text \<open>Take the largest s \<in> S whose left part is light; the
  next point of S (if any) has a heavy left part, which forces a light right
  part of s by the previous lemma.\<close>
lemma balanced_split_point:
  fixes P S :: "real set" and w :: "real \<Rightarrow> real"
  assumes P: "finite P" and w: "\<forall>u\<in>P. 0 \<le> w u" "sum w P < 1"
    and S: "S \<subseteq> P" "S \<noteq> {}"
  defines "w' \<equiv> \<lambda>u. if u \<in> S then 2 * w u else w u"
  shows "\<exists>s\<in>S. (\<Sum>u\<in>{u\<in>P. u < s}. w' u) < 1 \<and> (\<Sum>u\<in>{u\<in>P. s < u}. w' u) < 1"
proof -
  have Sfin: "finite S" using P S(1) by (rule finite_subset[rotated])
  define G where "G = {s\<in>S. (\<Sum>u\<in>{u\<in>P. u < s}. w' u) < 1}"
  have "Min S \<in> G"
  proof -
    have "{u\<in>P. u < Min S} \<inter> S = {}" using Sfin by (auto dest: Min_le)
    then have "(\<Sum>u\<in>{u\<in>P. u < Min S}. w' u) \<le> sum w P"
      unfolding w'_def using P w(1) by (intro doubled_weight_off_S) auto
    then show ?thesis using w(2) Sfin S(2) by (simp add: G_def)
  qed
  have Gfin: "finite G" using Sfin by (simp add: G_def)
  define s where "s = Max G"
  have "s \<in> G" using Gfin \<open>Min S \<in> G\<close> unfolding s_def by (intro Max_in) auto
  then have sS: "s \<in> S" and left: "(\<Sum>u\<in>{u\<in>P. u < s}. w' u) < 1" by (auto simp: G_def)
  have "(\<Sum>u\<in>{u\<in>P. s < u}. w' u) < 1"
  proof (cases "\<exists>t\<in>S. s < t")
    case False
    then have "{u\<in>P. s < u} \<inter> S = {}" by auto
    then have "(\<Sum>u\<in>{u\<in>P. s < u}. w' u) \<le> sum w P"
      unfolding w'_def using P w(1) by (intro doubled_weight_off_S) auto
    then show ?thesis using w(2) by linarith
  next
    case True
    define T where "T = {t\<in>S. s < t}"
    have T: "finite T" "T \<noteq> {}" using Sfin True by (auto simp: T_def)
    define t where "t = Min T"
    have tT: "t \<in> T" using T unfolding t_def by (rule Min_in)
    have gap: "\<And>u. u \<in> S \<Longrightarrow> s < u \<Longrightarrow> t \<le> u" using T by (auto simp: t_def T_def)
    have "t \<notin> G"
    proof
      assume "t \<in> G"
      then have "t \<le> s" using Gfin unfolding s_def by (rule Max_ge[rotated])
      then show False using tT by (simp add: T_def)
    qed
    then have "1 \<le> (\<Sum>u\<in>{u\<in>P. u < t}. w' u)" using tT by (auto simp: G_def T_def)
    moreover have "(\<Sum>u\<in>{u\<in>P. u < t}. w' u) + (\<Sum>u\<in>{u\<in>P. s < u}. w' u) \<le> 2 * sum w P"
      unfolding w'_def using P w(1) gap by (rule doubled_weight_consecutive)
    ultimately show ?thesis using w(2) by linarith
  qed
  with sS left show ?thesis by blast
qed

lemma half_power_card_remove:
  assumes "finite A" "m \<in> A"
  shows "(1/2::real) ^ card (A - {m}) = 2 * (1/2) ^ card A"
proof -
  have "card A = Suc (card (A - {m}))" using assms by (rule card.remove)
  then show ?thesis by simp
qed

text \<open>In a family of total weight below 1 every list is nonempty, since an empty
  list alone has weight 1.\<close>
lemma light_lists_nonempty:
  assumes "finite P" "(\<Sum>v\<in>P. (1/2::real) ^ card (L v)) < 1" "v \<in> P"
  shows "L v \<noteq> {}"
proof
  assume "L v = {}"
  moreover have "(1/2::real) ^ card (L v) \<le> (\<Sum>v\<in>P. (1/2::real) ^ card (L v))"
    using assms(1,3) by (intro member_le_sum) auto
  ultimately show False using assms(2) by simp
qed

* [Required action] Give the data again in full, exactly.

* [Your response]
text \<open>Take the largest s \<in> S whose left part is light; the
  next point of S (if any) has a heavy left part, which forces a light right
  part of s by the previous lemma.\<close>
lemma balanced_split_point:
  fixes P S :: "real set" and w :: "real \<Rightarrow> real"
  assumes P: "finite P" and w: "\<forall>u\<in>P. 0 \<le> w u" "sum w P < 1"
    and S: "S \<subseteq> P" "S \<noteq> {}"
  defines "w' \<equiv> \<lambda>u. if u \<in> S then 2 * w u else w u"
  shows "\<exists>s\<in>S. (\<Sum>u\<in>{u\<in>P. u < s}. w' u) < 1 \<and> (\<Sum>u\<in>{u\<in>P. s < u}. w' u) < 1"
proof -
  have Sfin: "finite S" using P S(1) by (rule finite_subset[rotated])
  define G where "G = {s\<in>S. (\<Sum>u\<in>{u\<in>P. u < s}. w' u) < 1}"
  have "Min S \<in> G"
  proof -
    have "{u\<in>P. u < Min S} \<inter> S = {}" using Sfin by (auto dest: Min_le)
    then have "(\<Sum>u\<in>{u\<in>P. u < Min S}. w' u) \<le> sum w P"
      unfolding w'_def using P w(1) by (intro doubled_weight_off_S) auto
    then show ?thesis using w(2) Sfin S(2) by (simp add: G_def)
  qed
  have Gfin: "finite G" using Sfin by (simp add: G_def)
  define s where "s = Max G"
  have "s \<in> G" using Gfin \<open>Min S \<in> G\<close> unfolding s_def by (intro Max_in) auto
  then have sS: "s \<in> S" and left: "(\<Sum>u\<in>{u\<in>P. u < s}. w' u) < 1" by (auto simp: G_def)
  have "(\<Sum>u\<in>{u\<in>P. s < u}. w' u) < 1"
  proof (cases "\<exists>t\<in>S. s < t")
    case False
    then have "{u\<in>P. s < u} \<inter> S = {}" by auto
    then have "(\<Sum>u\<in>{u\<in>P. s < u}. w' u) \<le> sum w P"
      unfolding w'_def using P w(1) by (intro doubled_weight_off_S) auto
    then show ?thesis using w(2) by linarith
  next
    case True
    define T where "T = {t\<in>S. s < t}"
    have T: "finite T" "T \<noteq> {}" using Sfin True by (auto simp: T_def)
    define t where "t = Min T"
    have tT: "t \<in> T" using T unfolding t_def by (rule Min_in)
    have gap: "\<And>u. u \<in> S \<Longrightarrow> s < u \<Longrightarrow> t \<le> u" using T by (auto simp: t_def T_def)
    have "t \<notin> G"
    proof
      assume "t \<in> G"
      then have "t \<le> s" using Gfin unfolding s_def by (rule Max_ge[rotated])
      then show False using tT by (simp add: T_def)
    qed
    then have "1 \<le> (\<Sum>u\<in>{u\<in>P. u < t}. w' u)" using tT by (auto simp: G_def T_def)
    moreover have "(\<Sum>u\<in>{u\<in>P. u < t}. w' u) + (\<Sum>u\<in>{u\<in>P. s < u}. w' u) \<le> 2 * sum w P"
      unfolding w'_def using P w(1) gap by (rule doubled_weight_consecutive)
    ultimately show ?thesis using w(2) by linarith
  qed
  with sS left show ?thesis by blast
qed

lemma half_power_card_remove:
  assumes "finite A" "m \<in> A"
  shows "(1/2::real) ^ card (A - {m}) = 2 * (1/2) ^ card A"
proof -
  have "card A = Suc (card (A - {m}))" using assms by (rule card.remove)
  then show ?thesis by simp
qed

text \<open>In a family of total weight below 1 every list is nonempty, since an empty
  list alone has weight 1.\<close>
lemma light_lists_nonempty:
  assumes "finite P" "(\<Sum>v\<in>P. (1/2::real) ^ card (L v)) < 1" "v \<in> P"
  shows "L v \<noteq> {}"
proof
  assume "L v = {}"
  moreover have "(1/2::real) ^ card (L v) \<le> (\<Sum>v\<in>P. (1/2::real) ^ card (L v))"
    using assms(1,3) by (intro member_le_sum) auto
  ultimately show False using assms(2) by simp
qed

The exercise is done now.